Susan B. Anthony
1820—1906
The true republic: men, their rights and nothing more: women, their rights and nothing less. - Susan B. Anthony
Susan B. Anthony, a courageous fighter for equal justice in the country that she loved, did not live to see the movement she is synonymous with—votes for women—achieve its goal. Nonetheless, she will go down in history as one of women's suffrage's most energetic advocates. Born to a Quaker family in Adams, Massachusetts, Anthony was educated alongside her brothers (unusual for that time). She met Frederick Douglass and William Lloyd Garrison and became an avid abolitionist by the age of 17, speaking out against slavery even when some thought it inappropriate for a woman to speak out publicly.
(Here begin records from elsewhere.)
lemma (in vec_space) rank_mono_cols:
  assumes A: "A \<in> carrier_mat n nc" and B: "B \<in> carrier_mat n nc'"
    and "set (cols A) \<subseteq> set (cols B)"
  shows "rank A \<le> rank B"
proof -
  obtain S where "finite S" "S \<subseteq> carrier_vec n" "card S = rank B" "set (cols B) \<subseteq> span S"
    using spanning_set_of_card_rank[OF B] .
  then show ?thesis using rank_le_card_of_cols_subset_span[OF A] assms(3) by fastforce
qed

lemma (in vec_space) entry_eq_0_of_rank_eq_0:
  assumes A: "A \<in> carrier_mat n nc" and "rank A = 0" and i: "i < n" and j: "j < nc"
  shows "A $$ (i,j) = 0"
proof -
  obtain S where "finite S" "card S = rank A" "set (cols A) \<subseteq> span S"
    using spanning_set_of_card_rank[OF A] by metis
  with \<open>rank A = 0\<close> have "set (cols A) \<subseteq> {0\<^sub>v n}" using span_empty by simp
  moreover have "col A j \<in> set (cols A)" using A j by (auto simp: cols_def)
  ultimately have "col A j = 0\<^sub>v n" by blast
  then show ?thesis using A i j by (metis carrier_matD(1) col_def index_vec index_zero_vec(1))
qed

lemma (in vec_space) submodule_preimage_linear:
  assumes N: "submodule class_ring N V"
    and carrier: "\<And>v. v \<in> carrier_vec n \<Longrightarrow> f v \<in> carrier_vec n"
    and add: "\<And>v w. v \<in> carrier_vec n \<Longrightarrow> w \<in> carrier_vec n \<Longrightarrow> f (v + w) = f v + f w"
    and smult: "\<And>c v. v \<in> carrier_vec n \<Longrightarrow> f (c \<cdot>\<^sub>v v) = c \<cdot>\<^sub>v f v"
    and zero: "f (0\<^sub>v n) = 0\<^sub>v n"
  shows "submodule class_ring {v \<in> carrier_vec n. f v \<in> N} V"
proof -
  interpret N: submodule class_ring N V by (rule N)
  show ?thesis
    by unfold_locales (use carrier add smult zero N.m_closed N.smult_closed N.zero_closed in auto)
qed

text \<open>The set of \<open>v\<close> with \<open>vec_hadamard v w\<close> in a subspace is itself a subspace, so it suffices
  to check membership on a spanning set; this is done once in each argument.\<close>

lemma (in vec_space) vec_hadamard_in_span_products:
  assumes S: "finite S" "S \<subseteq> carrier_vec n" and T: "finite T" "T \<subseteq> carrier_vec n"
    and a: "a \<in> span S" and b: "b \<in> span T"
  shows "vec_hadamard a b \<in> span ((\<lambda>(u,w). vec_hadamard u w) ` (S \<times> T))"
proof -
  let ?P = "(\<lambda>(u,w). vec_hadamard u w) ` (S \<times> T)"
  have "?P \<subseteq> carrier_vec n" using S T by (auto simp: vec_hadamard_def)
  then have span_P: "submodule class_ring (span ?P) V" and P_in: "?P \<subseteq> span ?P"
    by (simp_all add: span_is_submodule in_own_span)
  have left: "submodule class_ring {v \<in> carrier_vec n. vec_hadamard v w \<in> span ?P} V"
    if "w \<in> carrier_vec n" for w
    by (rule submodule_preimage_linear[OF span_P]) (use that in \<open>auto simp: vec_hadamard_def algebra_simps\<close>)
  have right: "submodule class_ring {w \<in> carrier_vec n. vec_hadamard v w \<in> span ?P} V"
    if "v \<in> carrier_vec n" for v
    by (rule submodule_preimage_linear[OF span_P]) (use that in \<open>auto simp: vec_hadamard_def algebra_simps\<close>)
  have span_S_T: "vec_hadamard v w \<in> span ?P" if v: "v \<in> span S" and w: "w \<in> T" for v w
  proof -
    have "S \<subseteq> {v \<in> carrier_vec n. vec_hadamard v w \<in> span ?P}" using S(2) P_in w by blast
    then have "span S \<subseteq> {v \<in> carrier_vec n. vec_hadamard v w \<in> span ?P}"
      by (rule span_is_subset[OF _ left]) (use w T in auto)
    then show ?thesis using v by blast
  qed
  have "T \<subseteq> {w \<in> carrier_vec n. vec_hadamard a w \<in> span ?P}" using T(2) span_S_T a by blast
  then have "span T \<subseteq> {w \<in> carrier_vec n. vec_hadamard a w \<in> span ?P}"
    by (rule span_is_subset[OF _ right]) (use a span_closed[OF S(2)] in blast)
  then show ?thesis using b by blast
qed

lemma (in vec_space) rank_mat_hadamard_le:
  assumes A: "A \<in> carrier_mat n nc" and B: "B \<in> carrier_mat n nc"
  shows "rank (mat_hadamard A B) \<le> rank A * rank B"
proof -
  obtain S where S: "finite S" "S \<subseteq> carrier_vec n" "card S = rank A" "set (cols A) \<subseteq> span S"
    using spanning_set_of_card_rank[OF A] .
  obtain T where T: "finite T" "T \<subseteq> carrier_vec n" "card T = rank B" "set (cols B) \<subseteq> span T"
    using spanning_set_of_card_rank[OF B] .
  let ?P = "(\<lambda>(u,w). vec_hadamard u w) ` (S \<times> T)"
  have H: "mat_hadamard A B \<in> carrier_mat n nc" using A by (simp add: mat_hadamard_def)
  have "set (cols (mat_hadamard A B)) \<subseteq> span ?P"
  proof
    fix c assume "c \<in> set (cols (mat_hadamard A B))"
    then obtain j where j: "j < nc" "c = col (mat_hadamard A B) j"
      using H by (auto simp: in_set_conv_nth)
    have "col A j \<in> span S" "col B j \<in> span T" using S(4) T(4) j A B by (auto simp: cols_def)
    then show "c \<in> span ?P"
      unfolding j(2) col_mat_hadamard[OF A B j(1)] by (rule vec_hadamard_in_span_products[OF S(1,2) T(1,2)])
  qed
  moreover have "?P \<subseteq> carrier_vec n" using S T by (auto simp: vec_hadamard_def)
  ultimately have "rank (mat_hadamard A B) \<le> card ?P"
    using rank_le_card_of_cols_subset_span[OF H] S T by simp
  also have "\<dots> \<le> card S * card T"
    by (metis card_cartesian_product card_image_le finite_cartesian_product S(1) T(1))
  finally show ?thesis using S(3) T(3) by simp
qed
Alongside her friend Elizabeth Cady Stanton, Susan B. Anthony founded the American Equal Rights Association to fight for women's right to vote. Though the movement had been unsuccessful, Anthony voted for President in 1872 in Rochester, New York. She was arrested! Her case drew even more attention to the women's suffrage movement, and eventually Anthony became the head of a consolidated organization for women's suffrage, the National Woman Suffrage Association. Fourteen years after Anthony's death in 1906, Congress passed the 19th Amendment, ensuring that women had the right to vote.